Evaluation of sender-receiver pair and LR pairs used in a specific factor
Similarly, we can check what LR pairs each cell-cell pair is using
[19]:
lr_cell_product = c2c.analysis.tensor_downstream.get_lr_by_cell_pairs(factors,
lr_label='Ligand-Receptor Pairs',
sender_label='Sender Cells',
receiver_label='Receiver Cells',
order_cells_by='receivers',
factor=selected_factor,
cci_threshold=None, # None for considering all cell-cell pairs.
lr_threshold=0.075 # Prioritize important pairs. None for considering all of them
)
[20]:
lsr_prod_cm = c2c.plotting.loading_clustermap(lr_cell_product,
use_zscore=False, # Whether standardizing the loadings across factors
figsize=(12, 24),
filename=output_folder + 'Clustermap-LR-CC-Pairs.pdf',
cbar_label='Loading Product',
yticklabels=1
)

Overall CCI potential: Network visualization of sender-receiver cell pairs
An interaction network can be created for each factor by using the loading product between sender and receiver cells. First we need to choose a threshold to indicate what pair of cells are interacting.

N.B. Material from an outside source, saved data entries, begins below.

lemma replay_decode_hist:
  "no_pub_coins h \<Longrightarrow> answered_by (\<lambda>h'. f (acc @ h')) h \<Longrightarrow>
    replay_hist f acc (decode_hist V h) = acc @ h"
proof (induction V h arbitrary: acc rule: decode_hist.induct)
  case (2 V n h)
  have "3 * (n div 3) = n" if "n mod 3 = 0" using that by presburger
  moreover have "3 * (n div 3) + coin_code (n mod 3 = 2) = n" if "n mod 3 \<noteq> 0"
    using that by (auto simp: coin_code_def) presburger+
  ultimately show ?case using 2 by (auto simp: answered_by_Cons)
qed (auto simp: answered_by_Cons)

section \<open>Simulating one step by two\<close>

text \<open>The last two conjuncts make the coin-flipping step of \<^term>\<open>privatize V\<close> leave
  everything but the state and the counters unchanged.\<close>
definition simulates :: "'i verifier \<Rightarrow> (event list \<Rightarrow> nat) \<Rightarrow> 'i list \<Rightarrow> config \<Rightarrow> config \<Rightarrow> bool" where
  "simulates V f w c c' \<longleftrightarrow>
     st c' = 3 * st c \<and> ipos c' = ipos c \<and> tape c' = tape c \<and> wpos c' = wpos c \<and>
     ccell c = clamp_comm V (ccell c') \<and> hist c = decode_hist V (hist c') \<and>
     no_pub_coins (hist c') \<and> answered_by f (hist c') \<and> visited c' = visited c \<and>
     nprivb c' = nprivb c + npubb c \<and> npubb c' = 0 \<and> nsteps c' = 2 * nsteps c \<and>
     ipos c \<le> length w + 1 \<and> wpos c \<in> visited c"

definition provers_agree :: "'i verifier \<Rightarrow> 'i prover \<Rightarrow> 'i prover \<Rightarrow> 'i list \<Rightarrow> bool" where
  "provers_agree V P P' w \<longleftrightarrow>
     (\<forall>h. no_pub_coins h \<and> answered_by (P' w) h \<longrightarrow> P w (decode_hist V h) = clamp_comm V (P' w h))"

lemma simulates_init:
  "wf_verifier V \<Longrightarrow> simulates V f w (init_config V) (init_config (privatize V))"
  by (auto simp: simulates_def init_config_def clamp_comm_def wf_verifier_def)

lemma step_coin_state:
  assumes "simulates V f w c c'"
  shows "step (privatize V) P' w c' b False =
    c'\<lparr>st := 3 * st c + coin_code b, nprivb := nprivb c' + (if priv V (st c) then 1 else 0),
       nsteps := Suc (nsteps c')\<rparr>"
proof -
  from assms have "nat (min (int (length w) + 1) (int (ipos c'))) = ipos c'"
    and "insert (wpos c') (visited c') = visited c'"
    by (auto simp: simulates_def)
  with assms show ?thesis by (simp add: step_def Let_def simulates_def)
qed

lemma step_move_state:
  assumes sim: "simulates V f w c c'"
    and e: "delta V (st c) (input_cell w (ipos c)) (tape c (wpos c)) (ccell c) b b' = (q', x', m, di, dw)"
  defines "h' \<equiv> if comm V (st c)
      then hist c' @ [VMsg (if pub V (st c) then 3 * m + coin_code b' else 3 * m)] else hist c'"
  shows "step (privatize V) P' w (step (privatize V) P' w c' b False) b' False =
    \<lparr>st = 3 * q', ipos = nat (min (int (length w) + 1) (int (ipos c) + di)),
     tape = (tape c)(wpos c := x'), wpos = nat (int (wpos c) + dw),
     ccell = (if comm V (st c) then P' w h' else ccell c'),
     hist = (if comm V (st c) then h' @ [PMsg (P' w h')] else h'),
     visited = insert (nat (int (wpos c) + dw)) (visited c),
     nprivb = nprivb c' + (if priv V (st c) then 1 else 0) + (if pub V (st c) then 1 else 0),
     npubb = 0, nsteps = Suc (Suc (nsteps c'))\<rparr>"
proof -
  from e sim have "delta (privatize V) (3 * st c + coin_code b) (input_cell w (ipos c))
      (tape c (wpos c)) (ccell c') b' False
    = (3 * q', x', if pub V (st c) then 3 * m + coin_code b' else 3 * m, di, dw)"
    by (simp add: simulates_def)
  with sim show ?thesis
    unfolding step_coin_state[OF sim] by (auto simp: step_def Let_def h'_def simulates_def)
qed

lemma simulates_two_steps:
  assumes wf: "wf_verifier V" and agree: "provers_agree V P P' w"
    and sim: "simulates V (P' w) w c c'"
  shows "simulates V (P' w) w (step V P w c b b')
           (step (privatize V) P' w (step (privatize V) P' w c' b False) b' False)"
proof -
  have pub_comm: "pub V (st c) \<Longrightarrow> comm V (st c)" and zero: "0 \<in> commA V"
    using wf by (auto simp: wf_verifier_def)
  obtain q' x' m di dw
    where e: "delta V (st c) (input_cell w (ipos c)) (tape c (wpos c)) (ccell c) b b' = (q', x', m, di, dw)"
    by (cases "delta V (st c) (input_cell w (ipos c)) (tape c (wpos c)) (ccell c) b b'")
  define h where "h = (if comm V (st c)
      then (if pub V (st c) then hist c @ [PubCoin b'] else hist c) @ [VMsg m] else hist c)"
  define h' where "h' = (if comm V (st c)
      then hist c' @ [VMsg (if pub V (st c) then 3 * m + coin_code b' else 3 * m)] else hist c')"
  have h'_ok: "no_pub_coins h'" "answered_by (P' w) h'"
    using sim by (auto simp: h'_def simulates_def)
  have h_eq: "h = decode_hist V h'"
    using sim pub_comm by (auto simp: h_def h'_def simulates_def)
  with agree h'_ok have reply: "P w h = clamp_comm V (P' w h')"
    by (simp add: provers_agree_def)
  have "step V P w c b b' = \<lparr>st = q', ipos = nat (min (int (length w) + 1) (int (ipos c) + di)),
      tape = (tape c)(wpos c := x'), wpos = nat (int (wpos c) + dw),
      ccell = (if comm V (st c) then P w h else ccell c),
      hist = (if comm V (st c) then h @ [PMsg (P w h)] else h),
      visited = insert (nat (int (wpos c) + dw)) (visited c),
      nprivb = nprivb c + (if priv V (st c) then 1 else 0),
      npubb = npubb c + (if pub V (st c) then 1 else 0),
      nsteps = Suc (nsteps c)\<rparr>"
    using e pub_comm by (auto simp: step_def Let_def h_def)
  then show ?thesis
    unfolding step_move_state[OF sim e, folded h'_def]
    using sim reply h_eq h'_ok zero by (auto simp: simulates_def)
qed

primrec expect_within ::
  "'i verifier \<Rightarrow> 'i prover \<Rightarrow> 'i list \<Rightarrow> (config \<Rightarrow> real) \<Rightarrow> nat \<Rightarrow> config \<Rightarrow> real" where
  "expect_within V P w B 0 c = B c"
| "expect_within V P w B (Suc k) c =
     (if halted V c then B c else avg_step V P w c (expect_within V P w B k))"

lemma acc_within_eq_expect_within:
  "acc_within V P w k = expect_within V P w (\<lambda>c. if st c = accst V then 1 else 0) k"
  by (induction k) (rule ext, simp add: halted_def)+

lemma rej_within_eq_expect_within:
  "rej_within V P w k = expect_within V P w (\<lambda>c. if st c = rejst V then 1 else 0) k"
  by (induction k) (rule ext, simp add: halted_def)+

lemma exp_within_eq_expect_within:
  "exp_within V P w R k = expect_within V P w (\<lambda>c. real (R c)) k"
  by (induction k) (rule ext, simp)+

lemma avg_step_const [simp]: "avg_step V P w c (\<lambda>_. a) = a"
  by (simp add: avg_step_def case_prod_unfold sum_list_triv outcomes_def coins_def)

lemma avg_step_mono:
  assumes "\<And>b b'. (b, b') \<in> set (outcomes V c) \<Longrightarrow> F (step V P w c b b') \<le> G (step V P w c b b')"
  shows "avg_step V P w c F \<le> avg_step V P w c G"
  unfolding avg_step_def
  by (intro divide_right_mono sum_list_mono) (use assms in auto)

lemma avg_step_add:
  "avg_step V P w c (\<lambda>d. F d + G d) = avg_step V P w c F + avg_step V P w c G"
  by (simp add: avg_step_def case_prod_unfold sum_list_addf add_divide_distrib)

lemma avg_step_scale: "avg_step V P w c (\<lambda>d. a * F d) = a * avg_step V P w c F"
  by (simp add: avg_step_def case_prod_unfold sum_list_const_mult)

lemma avg_step_nested:
  "avg_step V P w c F =
    (\<Sum>b\<leftarrow>coins (priv V (st c)).
       (\<Sum>b'\<leftarrow>coins (pub V (st c)). F (step V P w c b b')) / real (length (coins (pub V (st c)))))
    / real (length (coins (priv V (st c))))"
  unfolding avg_step_def outcomes_def coins_def
  by (cases "priv V (st c)"; cases "pub V (st c)") (simp_all add: field_simps)

lemma avg_step_no_pub:
  "\<not> pub V (st c) \<Longrightarrow> avg_step V P w c F =
    (\<Sum>b\<leftarrow>coins (priv V (st c)). F (step V P w c b False)) / real (length (coins (priv V (st c))))"
  by (simp add: avg_step_nested coins_def)

lemma expect_within_const: "expect_within V P w (\<lambda>_. a) k = (\<lambda>_. a)"
  by (induction k) (rule ext, simp)+

lemma expect_within_add:
  "expect_within V P w (\<lambda>c. B c + B' c) k =
    (\<lambda>c. expect_within V P w B k c + expect_within V P w B' k c)"
  by (induction k) (rule ext, simp add: avg_step_add)+

lemma expect_within_scale:
  "expect_within V P w (\<lambda>c. a * B c) k = (\<lambda>c. a * expect_within V P w B k c)"
  by (induction k) (rule ext, simp add: avg_step_scale)+

lemma expect_within_le:
  assumes "\<And>c. B c \<le> a"
  shows "expect_within V P w B k c \<le> a"
proof (induction k arbitrary: c)
  case (Suc k)
  have "avg_step V P w c (expect_within V P w B k) \<le> avg_step V P w c (\<lambda>_. a)"
    by (rule avg_step_mono) (rule Suc.IH)
  then show ?case using assms by simp
qed (simp add: assms)

lemma expect_within_mono:
  assumes B: "\<And>c b b'. c \<in> reach V P w \<Longrightarrow> B c \<le> B (step V P w c b b')"
    and c: "c \<in> reach V P w" and "k \<le> k'"
  shows "expect_within V P w B k c \<le> expect_within V P w B k' c"
proof -
  have "expect_within V P w B k c \<le> expect_within V P w B (Suc k) c" if "c \<in> reach V P w" for k c
    using that
  proof (induction k arbitrary: c)
    case 0
    have "expect_within V P w B 0 = B" by (rule ext) simp
    moreover from 0 have "avg_step V P w c (\<lambda>_. B c) \<le> avg_step V P w c B"
      by (intro avg_step_mono B)
    ultimately show ?case by simp
  next
    case (Suc k)
    show ?case
    proof (cases "halted V c")
      case False
      have "avg_step V P w c (expect_within V P w B k)
              \<le> avg_step V P w c (expect_within V P w B (Suc k))"
        by (rule avg_step_mono, rule Suc.IH, rule reach.step) (use Suc.prems False in auto)
      with False show ?thesis by simp
    qed simp
  qed
  with c \<open>k \<le> k'\<close> show ?thesis
    using lift_Suc_mono_le[of "\<lambda>k. expect_within V P w B k c"] by blast
qed

lemma expect_within_privatize:
  assumes wf: "wf_verifier V" and agree: "provers_agree V P P' w"
    and B: "\<And>c c'. simulates V (P' w) w c c' \<Longrightarrow> B' c' = B c"
  shows "simulates V (P' w) w c c' \<Longrightarrow>
    expect_within (privatize V) P' w B' (2 * k) c' = expect_within V P w B k c"
proof (induction k arbitrary: c c')
  case 0
  then show ?case by (simp add: B)
next
  case (Suc k)
  let ?coin_step = "\<lambda>b. step (privatize V) P' w c' b False"
  have st: "st c' = 3 * st c" and st_coin: "st (?coin_step b) = 3 * st c + coin_code b" for b
    using Suc.prems step_coin_state[OF Suc.prems] by (simp_all add: simulates_def)
  have coin: "expect_within (privatize V) P' w B' (Suc (2 * k)) (?coin_step b) =
      (\<Sum>b'\<leftarrow>coins (pub V (st c)). expect_within V P w B k (step V P w c b b'))
      / real (length (coins (pub V (st c))))" for b
    using st_coin Suc.IH[OF simulates_two_steps[OF wf agree Suc.prems]]
    by (simp add: avg_step_no_pub halted_def)
  have two_suc: "2 * Suc k = Suc (Suc (2 * k))" by simp
  show ?case
  proof (cases "halted V c")
    case True
    with Suc.prems st show ?thesis by (simp add: two_suc halted_def B)
  next
    case False
    with st have "expect_within (privatize V) P' w B' (2 * Suc k) c' =
        avg_step (privatize V) P' w c' (expect_within (privatize V) P' w B' (Suc (2 * k)))"
      by (simp add: two_suc halted_def)
    also have "\<dots> = (\<Sum>b\<leftarrow>coins (priv V (st c)).
          expect_within (privatize V) P' w B' (Suc (2 * k)) (?coin_step b))
        / real (length (coins (priv V (st c))))"
      by (simp add: avg_step_no_pub st)
    also have "\<dots> = avg_step V P w c (expect_within V P w B k)"
      unfolding coin avg_step_nested ..
    also have "\<dots> = expect_within V P w B (Suc k) c"
      using False by simp
    finally show ?thesis .
  qed
qed

lemma SUP_expect_within_le_privatize:
  assumes wf: "wf_verifier V" and agree: "provers_agree V P P' w"
    and B: "\<And>c c'. simulates V (P' w) w c c' \<Longrightarrow> B' c' = B c" and B'_le: "\<And>c. B' c \<le> 1"
  shows "(SUP k. expect_within V P w B k (init_config V))
           \<le> (SUP k. expect_within (privatize V) P' w B' k (init_config (privatize V)))"
proof (rule cSUP_mono)
  show "bdd_above (range (\<lambda>k. expect_within (privatize V) P' w B' k (init_config (privatize V))))"
    using B'_le by (intro bdd_aboveI2 expect_within_le)
  fix k
  have "expect_within V P w B k (init_config V) =
      expect_within (privatize V) P' w B' (2 * k) (init_config (privatize V))"
    using expect_within_privatize[OF wf agree B simulates_init[OF wf]] by simp
  then show "\<exists>m\<in>UNIV. expect_within V P w B k (init_config V)
      \<le> expect_within (privatize V) P' w B' m (init_config (privatize V))" by auto
qed simp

To do so, we need to get all the outer products between the loadings for the sender and receiver cells dimensions across all factors.
[21]:
# Get all outer products as adjacency matrices, one per factor
networks = c2c.analysis.tensor_downstream.get_factor_specific_ccc_networks(factors,
sender_label='Sender Cells',
receiver_label='Receiver Cells',
)
[22]:
# Then, flatten the adjacency matrices
network_by_factors = c2c.analysis.tensor_downstream.flatten_factor_ccc_networks(networks, orderby='receivers')

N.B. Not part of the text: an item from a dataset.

(* Let $n\geq1$, $\eta\in\Omega$, $l\in\{1,\ldots,n\}$ and $(r_1,\ldots,r_l)\in\mathbb N^l$. For $1\leq i\leq l$ let $T_{i,\eta}+r_i=\{v+(r_i,r_i):v\in T_{i,\eta}\}$. Then $$\mathrm{span}_{\mathbb C}\{\bar v: v\in T_{0,\eta}\cup\textstyle\bigcup_{i=1}^l(T_{i,\eta}+r_i)\}=\mathrm{span}_{\mathbb C}\{\bar v:v\in\bigcup_{i=0}^lT_{i,\eta}\}.$$ In particular, $\overline{v_{l,\eta}+(r,r)}\in\mathrm{span}_{\mathbb C}\{\bar v:v\in\bigcup_{i=0}^lT_{i,\eta}\}$ for all $r\in\mathbb N$.
   Context: $n\geq1$ is fixed. $\Lambda_{2,n}=\{\alpha\in\mathbb N^2:1\leq\alpha_1+\alpha_2\leq n\}$, $\lambda_{2,n}=|\Lambda_{2,n}|$; for $v\in\mathbb N^2$, $\bar v=\big(\binom{v_1}{\alpha_1}\binom{v_2}{\alpha_2}\big)_{\alpha\in\Lambda_{2,n}}\in\mathbb C^{\lambda_{2,n}}$. $\Omega$ is the set of sequences $\eta=(z,d_0,d_1,\ldots,d_r)$ with $z\in\{0,1\}$, $d_0=0$, $d_i\geq1$ for $1\leq i\leq r$, $\sum_{i=0}^rd_i=n$. For $j\in\{1,\ldots,n\}$ let $t\in\{1,\ldots,r\}$ be unique with $\sum_{i=0}^{t-1}d_i<j\leq\sum_{i=0}^td_i$, $c=j-\sum_{i=0}^{t-1}d_i$; $v_{j,\eta}=(\sum_{i\text{ odd},i<t}d_i+c,0)$ if $z=1,t$ odd; $(0,\sum_{i\text{ even},i<t}d_i+c)$ if $z=1,t$ even; $(0,\sum_{i\text{ odd},i<t}d_i+c)$ if $z=0,t$ odd; $(\sum_{i\text{ even},i<t}d_i+c,0)$ if $z=0,t$ even. $T_{j,\eta}=\{v_{j,\eta}+p(1,1):0\leq p\leq n-j\}$ for $1\leq j\leq n$, and $T_{0,\eta}=\{(p,p):1\leq p\leq n\}$. *)

theory Defs
  imports Complex_Main "HOL-Library.Function_Algebras"
begin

# And we can plot the distributions of the weights for each factor-specific network
_ = plt.hist(network_by_factors.values.flatten(), bins = 50)

With this distribution we can set a reasonable threshold. We can also apply some mathematical methods to select one, as for example choosing a percentile. Here we set a threshold of 0.075.
[23]:
threshold = 0.075
Then, we can plot all networks we are interested in:
[24]:
c2c.plotting.ccc_networks_plot(factors,
included_factors=['Factor 3', 'Factor 5', 'Factor 10'],
ccc_threshold=threshold, # Only important communication
nrows=1,
panel_size=(16, 16), # This changes the size of each figure panel.
filename=output_folder + 'Factor-Networks.pdf',
)
[24]:
(<Figure size 4800x1600 with 3 Axes>,
array([<Axes: title={'center': 'Factor 3'}>,
<Axes: title={'center': 'Factor 5'}>,
<Axes: title={'center': 'Factor 10'}>], dtype=object))

Gini coefficients of the factor-specific cell-cell communication
The Gini coefficient quantifies the extent to which sender-receiver cell pairs differ within a factor according to their importance as measured by their loadings. Here it is use to measure the imbalance of communication for a given factor. In other words, it identifies whether a few cells are key for an identified pattern (low Gini coefficient) or whether the pattern corresponds to a general process that involves most of the cell types (high Gini coefficient). Gini coefficients range between [0, 1]
[25]:
c2c.analysis.tensor_downstream.compute_gini_coefficients(factors,
sender_label='Sender Cells',
receiver_label='Receiver Cells'
).sort_values('Gini')
[25]:
Factor | Gini | |
---|---|---|
0 | Factor 1 | 0.333537 |
3 | Factor 3 | 0.383925 |
8 | Factor 8 | 0.511984 |
5 | Factor 5 | 0.536594 |
2 | Factor 2 | 0.537684 |
6 | Factor 6 | 0.561459 |
4 | Factor 4 | 0.574522 |
9 | Factor 9 | 0.680455 |
7 | Factor 7 | 0.696134 |
1 | Factor 10 | 0.747488 |
We observe that the lowest Gini coefficient was obtained by factor 1, which seems to have more balanced cell loadings. Senders and/or receivers are more similar or homogeneous.